### THE DATA:
##########

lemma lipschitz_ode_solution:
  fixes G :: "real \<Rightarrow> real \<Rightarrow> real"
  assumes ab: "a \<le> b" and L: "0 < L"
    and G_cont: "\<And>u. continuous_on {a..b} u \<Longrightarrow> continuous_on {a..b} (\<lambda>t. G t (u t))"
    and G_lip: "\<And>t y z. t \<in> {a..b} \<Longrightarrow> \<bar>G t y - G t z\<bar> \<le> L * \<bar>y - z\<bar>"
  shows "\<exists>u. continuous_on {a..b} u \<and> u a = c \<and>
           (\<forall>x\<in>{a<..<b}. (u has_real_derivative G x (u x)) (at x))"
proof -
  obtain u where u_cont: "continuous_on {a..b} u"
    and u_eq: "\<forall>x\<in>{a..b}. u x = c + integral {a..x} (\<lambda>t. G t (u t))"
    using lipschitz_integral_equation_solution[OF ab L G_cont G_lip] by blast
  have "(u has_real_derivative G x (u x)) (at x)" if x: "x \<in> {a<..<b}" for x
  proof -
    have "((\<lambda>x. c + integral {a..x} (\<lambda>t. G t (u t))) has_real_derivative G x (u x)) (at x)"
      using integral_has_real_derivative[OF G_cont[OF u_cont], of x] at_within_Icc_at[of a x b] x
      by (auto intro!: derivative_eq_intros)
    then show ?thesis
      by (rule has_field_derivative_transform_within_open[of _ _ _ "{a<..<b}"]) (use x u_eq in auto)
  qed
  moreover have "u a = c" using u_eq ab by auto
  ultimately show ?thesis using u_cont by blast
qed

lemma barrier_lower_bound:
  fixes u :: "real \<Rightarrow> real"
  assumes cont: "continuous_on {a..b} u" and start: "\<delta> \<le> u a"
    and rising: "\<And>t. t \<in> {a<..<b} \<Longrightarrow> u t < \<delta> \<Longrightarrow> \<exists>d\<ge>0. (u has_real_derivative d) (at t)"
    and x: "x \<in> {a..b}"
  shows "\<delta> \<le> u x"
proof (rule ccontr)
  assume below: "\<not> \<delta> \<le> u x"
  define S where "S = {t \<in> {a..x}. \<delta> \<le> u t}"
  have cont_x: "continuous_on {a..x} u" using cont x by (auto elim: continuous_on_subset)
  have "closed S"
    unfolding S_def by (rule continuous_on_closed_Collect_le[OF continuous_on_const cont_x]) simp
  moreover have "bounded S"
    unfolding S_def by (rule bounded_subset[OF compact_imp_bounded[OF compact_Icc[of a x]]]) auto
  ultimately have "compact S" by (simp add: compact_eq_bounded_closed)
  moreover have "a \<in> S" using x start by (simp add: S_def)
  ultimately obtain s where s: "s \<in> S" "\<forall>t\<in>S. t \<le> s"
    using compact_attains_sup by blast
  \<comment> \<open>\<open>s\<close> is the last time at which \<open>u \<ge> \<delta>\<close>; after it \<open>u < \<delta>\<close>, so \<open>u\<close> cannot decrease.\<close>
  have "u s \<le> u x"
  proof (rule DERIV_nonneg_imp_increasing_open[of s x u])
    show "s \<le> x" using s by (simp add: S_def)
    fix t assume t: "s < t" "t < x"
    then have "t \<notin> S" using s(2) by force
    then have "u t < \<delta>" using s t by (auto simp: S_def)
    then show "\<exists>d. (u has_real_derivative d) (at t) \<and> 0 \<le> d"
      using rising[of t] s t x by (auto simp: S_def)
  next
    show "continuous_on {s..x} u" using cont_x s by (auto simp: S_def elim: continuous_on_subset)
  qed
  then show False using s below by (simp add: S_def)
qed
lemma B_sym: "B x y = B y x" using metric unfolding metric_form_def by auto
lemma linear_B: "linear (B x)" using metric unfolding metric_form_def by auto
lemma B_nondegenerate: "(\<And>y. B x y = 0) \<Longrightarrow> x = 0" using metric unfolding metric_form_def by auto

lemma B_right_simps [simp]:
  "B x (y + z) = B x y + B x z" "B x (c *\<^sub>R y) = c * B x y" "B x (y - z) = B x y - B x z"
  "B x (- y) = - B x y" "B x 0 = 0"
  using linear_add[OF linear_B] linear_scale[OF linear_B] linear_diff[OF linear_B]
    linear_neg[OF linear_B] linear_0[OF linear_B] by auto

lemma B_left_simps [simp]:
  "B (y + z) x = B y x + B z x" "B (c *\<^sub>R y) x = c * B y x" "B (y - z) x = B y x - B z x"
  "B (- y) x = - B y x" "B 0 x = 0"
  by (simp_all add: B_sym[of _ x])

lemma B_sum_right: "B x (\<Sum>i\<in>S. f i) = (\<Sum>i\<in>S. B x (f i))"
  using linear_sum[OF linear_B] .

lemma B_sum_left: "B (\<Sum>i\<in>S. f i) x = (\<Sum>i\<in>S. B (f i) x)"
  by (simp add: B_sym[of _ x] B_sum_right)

##########

### THE PROBLEM:
The entries above are to be output exactly as they appear.

### ANSWER SPACE:
lemma lipschitz_ode_solution:
  fixes G :: "real \<Rightarrow> real \<Rightarrow> real"
  assumes ab: "a \<le> b" and L: "0 < L"
    and G_cont: "\<And>u. continuous_on {a..b} u \<Longrightarrow> continuous_on {a..b} (\<lambda>t. G t (u t))"
    and G_lip: "\<And>t y z. t \<in> {a..b} \<Longrightarrow> \<bar>G t y - G t z\<bar> \<le> L * \<bar>y - z\<bar>"
  shows "\<exists>u. continuous_on {a..b} u \<and> u a = c \<and>
           (\<forall>x\<in>{a<..<b}. (u has_real_derivative G x (u x)) (at x))"
proof -
  obtain u where u_cont: "continuous_on {a..b} u"
    and u_eq: "\<forall>x\<in>{a..b}. u x = c + integral {a..x} (\<lambda>t. G t (u t))"
    using lipschitz_integral_equation_solution[OF ab L G_cont G_lip] by blast
  have "(u has_real_derivative G x (u x)) (at x)" if x: "x \<in> {a<..<b}" for x
  proof -
    have "((\<lambda>x. c + integral {a..x} (\<lambda>t. G t (u t))) has_real_derivative G x (u x)) (at x)"
      using integral_has_real_derivative[OF G_cont[OF u_cont], of x] at_within_Icc_at[of a x b] x
      by (auto intro!: derivative_eq_intros)
    then show ?thesis
      by (rule has_field_derivative_transform_within_open[of _ _ _ "{a<..<b}"]) (use x u_eq in auto)
  qed
  moreover have "u a = c" using u_eq ab by auto
  ultimately show ?thesis using u_cont by blast
qed

lemma barrier_lower_bound:
  fixes u :: "real \<Rightarrow> real"
  assumes cont: "continuous_on {a..b} u" and start: "\<delta> \<le> u a"
    and rising: "\<And>t. t \<in> {a<..<b} \<Longrightarrow> u t < \<delta> \<Longrightarrow> \<exists>d\<ge>0. (u has_real_derivative d) (at t)"
    and x: "x \<in> {a..b}"
  shows "\<delta> \<le> u x"
proof (rule ccontr)
  assume below: "\<not> \<delta> \<le> u x"
  define S where "S = {t \<in> {a..x}. \<delta> \<le> u t}"
  have cont_x: "continuous_on {a..x} u" using cont x by (auto elim: continuous_on_subset)
  have "closed S"
    unfolding S_def by (rule continuous_on_closed_Collect_le[OF continuous_on_const cont_x]) simp
  moreover have "bounded S"
    unfolding S_def by (rule bounded_subset[OF compact_imp_bounded[OF compact_Icc[of a x]]]) auto
  ultimately have "compact S" by (simp add: compact_eq_bounded_closed)
  moreover have "a \<in> S" using x start by (simp add: S_def)
  ultimately obtain s where s: "s \<in> S" "\<forall>t\<in>S. t \<le> s"
    using compact_attains_sup by blast
  \<comment> \<open>\<open>s\<close> is the last time at which \<open>u \<ge> \<delta>\<close>; after it \<open>u < \<delta>\<close>, so \<open>u\<close> cannot decrease.\<close>
  have "u s \<le> u x"
  proof (rule DERIV_nonneg_imp_increasing_open[of s x u])
    show "s \<le> x" using s by (simp add: S_def)
    fix t assume t: "s < t" "t < x"
    then have "t \<notin> S" using s(2) by force
    then have "u t < \<delta>" using s t by (auto simp: S_def)
    then show "\<exists>d. (u has_real_derivative d) (at t) \<and> 0 \<le> d"
      using rising[of t] s t x by (auto simp: S_def)
  next
    show "continuous_on {s..x} u" using cont_x s by (auto simp: S_def elim: continuous_on_subset)
  qed
  then show False using s below by (simp add: S_def)
qed
lemma B_sym: "B x y = B y x" using metric unfolding metric_form_def by auto
lemma linear_B: "linear (B x)" using metric unfolding metric_form_def by auto
lemma B_nondegenerate: "(\<And>y. B x y = 0) \<Longrightarrow> x = 0" using metric unfolding metric_form_def by auto

lemma B_right_simps [simp]:
  "B x (y + z) = B x y + B x z" "B x (c *\<^sub>R y) = c * B x y" "B x (y - z) = B x y - B x z"
  "B x (- y) = - B x y" "B x 0 = 0"
  using linear_add[OF linear_B] linear_scale[OF linear_B] linear_diff[OF linear_B]
    linear_neg[OF linear_B] linear_0[OF linear_B] by auto

lemma B_left_simps [simp]:
  "B (y + z) x = B y x + B z x" "B (c *\<^sub>R y) x = c * B y x" "B (y - z) x = B y x - B z x"
  "B (- y) x = - B y x" "B 0 x = 0"
  by (simp_all add: B_sym[of _ x])

lemma B_sum_right: "B x (\<Sum>i\<in>S. f i) = (\<Sum>i\<in>S. B x (f i))"
  using linear_sum[OF linear_B] .

lemma B_sum_left: "B (\<Sum>i\<in>S. f i) x = (\<Sum>i\<in>S. B (f i) x)"
  by (simp add: B_sym[of _ x] B_sum_right)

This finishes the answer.